Figure 4. Extensive Compensatory Plasticity of the Lesioned Corticospinal Tract in Primates

A–C: Compensatory sprouting of lesioned, D-A488-labeled corticospinal axons in the intermediate zone of the gray matter caudal to the C7 hemisection. Insets demonstrate increased axon caliber in Long-term subjects, quantified below. D–G: Corticospinal axons in right-side gray matter below the lesion originate from the opposite (left) side of the spinal cord. D: Long-term lesioned subject. Lesion is on right side; arrow denotes midline. Boxed regions are shown at higher magnification.

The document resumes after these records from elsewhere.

lemma mean_ge_of_prob_le:
  fixes p :: "nat \<Rightarrow> real"
  assumes nonneg: "\<forall>k\<le>c. 0 \<le> p k" and sum1: "(\<Sum>k\<le>c. p k) = 1"
    and le: "\<forall>k\<le>c. p k \<le> v"
  shows "real n - v * (real n * (real n + 1) / 2) \<le> (\<Sum>k\<le>c. real k * p k)"
proof -
  have "real n * p k - real (n - k) * v \<le> real k * p k" if "k \<le> c" for k
  proof (cases "n \<le> k")
    case True
    then show ?thesis using nonneg that by (simp add: mult_right_mono)
  next
    case False
    then have "real (n - k) * p k \<le> real (n - k) * v" using le that by (intro mult_left_mono) auto
    with False show ?thesis by (simp add: algebra_simps)
  qed
  then have "(\<Sum>k\<le>c. real n * p k - real (n - k) * v) \<le> (\<Sum>k\<le>c. real k * p k)"
    by (intro sum_mono) auto
  moreover have "(\<Sum>k\<le>c. real n * p k - real (n - k) * v) = real n - v * (\<Sum>k\<le>c. real (n - k))"
    using sum1 by (simp add: sum_subtractf mult.commute flip: sum_distrib_left sum_distrib_right)
  moreover have "v * (\<Sum>k\<le>c. real (n - k)) \<le> v * (real n * (real n + 1) / 2)"
    using nonneg le sum_truncated_diff_le by (intro mult_left_mono) (auto intro: order_trans)
  ultimately show ?thesis by linarith
qed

E–G demonstrate the path of corticospinal axons as they (E) exit the left dorsolateral fasciculus, (F) decussate across the spinal cord midline (cc, central canal), and (G) terminate in the lateral motor neuron pools. H: Serial reconstruction of a single axon, demonstrating unequivocally that it originates from the left dorsolateral corticospinal tract. I: Corticospinal axon density was reduced ~75% two weeks after injury, and recovered to more than half of prelesion axon density by 24 weeks post-lesion. J: Quantification of axon thickness. Long-term lesioned animals exhibited a 20% increase in axon caliber below the lesion. There were no significant differences between groups in axon density or caliber above the lesion level, therefore the observed changes were not due to variability in tracer efficacy. In (I) and (J), dots denote individual animals' data points, * indicate p < 0.05. K: Serial reconstructions of axonal arbors in an Intact (left) and lesioned, Long-term (middle and right) subjects. Axons in lesioned, Long-term subjects exhibit: i) high densities of bouton-like swellings (compare left and middle); ii) small, thin processes, ending in swellings much smaller than normal boutons (middle inset, arrowheads); and iii) large, abnormal structures that exhibit morphological features resembling growth cones (right inset). L–N: Colocalization (arrowheads) of the synaptic marker synaptophysin (red) with DA488-labeled (green) bouton-like swellings in axons sprouting below the C7 lesion site in the Long-term group: L is a normal-appearing bouton-like swelling, and M, N are examples from atypically large boutons found only in Long-term subjects as shown in panel K. Scale bar A–C, 100 μm; D, 250 μm; E–G, 86 μm; K, 25 μm; L–N, 2 μm. Error bars indicate SEM.

Figure 5. Relationship Between Anatomical Plasticity and Functional Recovery

Principal components analysis in the four Long-term subjects with both functional and anatomical data reveals a multivariate relationship between corticospinal sprouting density and functional recovery. The first principal component (PC1; circle) reflects a data-driven statistical clustering of the histological and functional outcome variables. Positive loading (analogous to a positive Pearson correlation) of variables onto PC1 is indicated in shades of red, and negative loading (analogous to an inverse Pearson correlation) is indicated in shades of blue. The magnitude of the loading is indicated by arrow thickness and below each variable; asterisks indicate statistical significance (|loading| > 0.40). Note that axon density co-loads on PC1 with both locomotor function on a treadmill and success in recovering food rewards from a platform. PC1 accounts for 59.2% of the variability in the data.